Agentic AI Governance: Framework, Risks & Controls (2026)
A practical governance framework for agentic AI: 7 pillars, top risks, evaluation, monitoring, kill-switch and audit-ready evidence for public sector and enterprises.
Key takeaways
- A 7‑pillar governance model for agentic AI systems.
- Risk controls: hallucinations, tool misuse, data leakage, bias and automation drift.
- Audit-ready evidence: logs, versioning, evaluation reports, change approvals.
- Operational safety: monitoring, incident response and kill‑switch procedures.
Why governance matters now
Agentic AI is action‑taking: it can call tools, trigger workflows, and impact real operations. Governments and large enterprises therefore require a verifiable control layer — not just model performance.
The 7 pillars (usable in RFPs)
- Scope & classification (use cases, risk tier, decision boundaries).
- Data governance (access control, retention, lineage).
- Model & tool governance (approved models/tools, versioning).

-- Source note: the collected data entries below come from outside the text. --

definition lambda_min :: "real^'n^'n \<Rightarrow> real" where
  "lambda_min B = Min (eigenvalues B - {0})"

definition kappa :: "real^'n^'n \<Rightarrow> real" where
  "kappa B = lambda_max B / lambda_min B"

definition SR1 :: "real^'n^'n \<Rightarrow> real^'n^'n \<Rightarrow> real^'n \<Rightarrow> real^'n^'n" where
  "SR1 A G u = (if (G - A) *v u = 0 then G
     else G - (1 / (u \<bullet> ((G - A) *v u))) *\<^sub>R ((G - A) ** outer u u ** (G - A)))"

end

theory Submission
  imports Defs
begin

(*
  With D = G - A and c = u'Du > 0, SR1(A,G,u) - A is the rank-one downdate E = D - (Du)(Du)'/c.
  Cauchy-Schwarz for the semidefinite form of D gives 0 <= E <= D in the Loewner order, hence
  lambda_max E <= lambda_max D.  As E is symmetric with Eu = 0, its range is orthogonal to u and
  so misses Du, while together with Du it spans range D: the rank drops by exactly one.  An
  eigenvector v of E for a nonzero eigenvalue lies in range D and is orthogonal to u; Cauchy-Schwarz
  for D - lambda_min(D) I, which is semidefinite on range D, applied to v and the component of u in
  range D bounds the eigenvalue below by lambda_min D.
*)

lemma sym_mat_iff_inner:
  "sym_mat M \<longleftrightarrow> (\<forall>x y. x \<bullet> (M *v y) = (M *v x) \<bullet> y)"
proof
  assume "sym_mat M"
  then show "\<forall>x y. x \<bullet> (M *v y) = (M *v x) \<bullet> y"
    unfolding sym_mat_def by (metis dot_lmul_matrix vector_transpose_matrix inner_commute)
next
  assume self_adjoint: "\<forall>x y. x \<bullet> (M *v y) = (M *v x) \<bullet> y"
  have "transpose M *v y = M *v y" for y
    using self_adjoint by (metis dot_lmul_matrix transpose_matrix_vector vector_eq_rdot)
  then show "sym_mat M"
    unfolding sym_mat_def by (simp add: matrix_eq)
qed

lemma sym_mat_inner: "sym_mat M \<Longrightarrow> x \<bullet> (M *v y) = (M *v x) \<bullet> y"
  by (simp add: sym_mat_iff_inner)

lemma sym_mat_diff: "sym_mat M \<Longrightarrow> sym_mat N \<Longrightarrow> sym_mat (M - N)"
  by (simp add: sym_mat_iff_inner matrix_vector_mult_diff_rdistrib inner_diff_left inner_diff_right)

lemma uminus_matrix_vector_mult:
  fixes M :: "real^'n^'m"
  shows "(- M) *v x = - (M *v x)"
  by (simp add: matrix_vector_mult_def vec_eq_iff sum_negf)

lemma sym_mat_uminus: "sym_mat M \<Longrightarrow> sym_mat (- M)"
  by (simp add: sym_mat_iff_inner uminus_matrix_vector_mult)

lemma pos_semidefD:
  assumes "pos_semidef M"
  shows "sym_mat M" and "0 \<le> x \<bullet> (M *v x)"
  using assms unfolding pos_semidef_def by simp_all

lemma matrix_vector_mult_shift:
  fixes M :: "real^'n^'n"
  shows "(M - m *\<^sub>R mat 1) *v x = M *v x - m *\<^sub>R x"
  using scaleR_matrix_vector_assoc[of m "mat 1" x] by (simp add: matrix_vector_mult_diff_rdistrib)

lemma sym_mat_shift: "sym_mat M \<Longrightarrow> sym_mat (M - m *\<^sub>R mat 1)"
  by (simp add: sym_mat_iff_inner matrix_vector_mult_shift inner_diff_left inner_diff_right inner_commute)

lemma subspace_range_matrix: "subspace (range ((*v) (M :: real^'n^'m)))"
  using matrix_vector_mul_linear subspace_UNIV by (rule linear_subspace_image)

lemma outer_mult: "outer u v *v y = (v \<bullet> y) *\<^sub>R (u :: real^'m)"
  by (simp add: outer_def matrix_vector_mult_def inner_vec_def vec_eq_iff sum_distrib_left sum_distrib_right mult_ac)

lemma mem_eigenvalues: "c \<in> eigenvalues M \<longleftrightarrow> (\<exists>v. v \<noteq> 0 \<and> M *v v = c *\<^sub>R v)"
  by (simp add: eigenvalues_def scalar_mult_eq_scaleR)

lemma nonneg_quadratic_discriminant:
  fixes a b c :: real
  assumes nonneg: "\<And>t. 0 \<le> a + 2 * b * t + c * t\<^sup>2" and "0 \<le> c"
  shows "b\<^sup>2 \<le> a * c"
proof (cases "c = 0")
  case True
  have "b = 0"
  proof (rule ccontr)
    assume "b \<noteq> 0"
    then show False
      using nonneg[of "- (a + 1) / (2 * b)"] True by (simp add: field_simps)
  qed
  with True show ?thesis by simp
next
  case False
  with \<open>0 \<le> c\<close> have "0 < c" by simp
  have "0 \<le> a + 2 * b * (- b / c) + c * (- b / c)\<^sup>2" by (rule nonneg)
  also have "\<dots> = a - b\<^sup>2 / c" using \<open>0 < c\<close> by (simp add: field_simps power2_eq_square)
  finally show ?thesis using \<open>0 < c\<close> by (simp add: pos_divide_le_eq)
qed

- Evaluation (test suites, red‑team, go/no‑go).
- Runtime controls (policy engine, rate limits, tool permissions).
- Observability (logs, traces, audit trail).
- Operations (incident response, kill‑switch, continuous improvement).
Checklist for committees
- Is there a documented RACI and review cadence?
- Are evaluations reproducible and tied to release approvals?
- Can you demonstrate traceability (prompt+tool calls+data+decision)?
- Is there a tested kill‑switch and rollback plan?
Procurement note
If you want this to survive audits, insist on artifacts: requirements, evaluation gates, logs, incident procedures and reversibility clauses.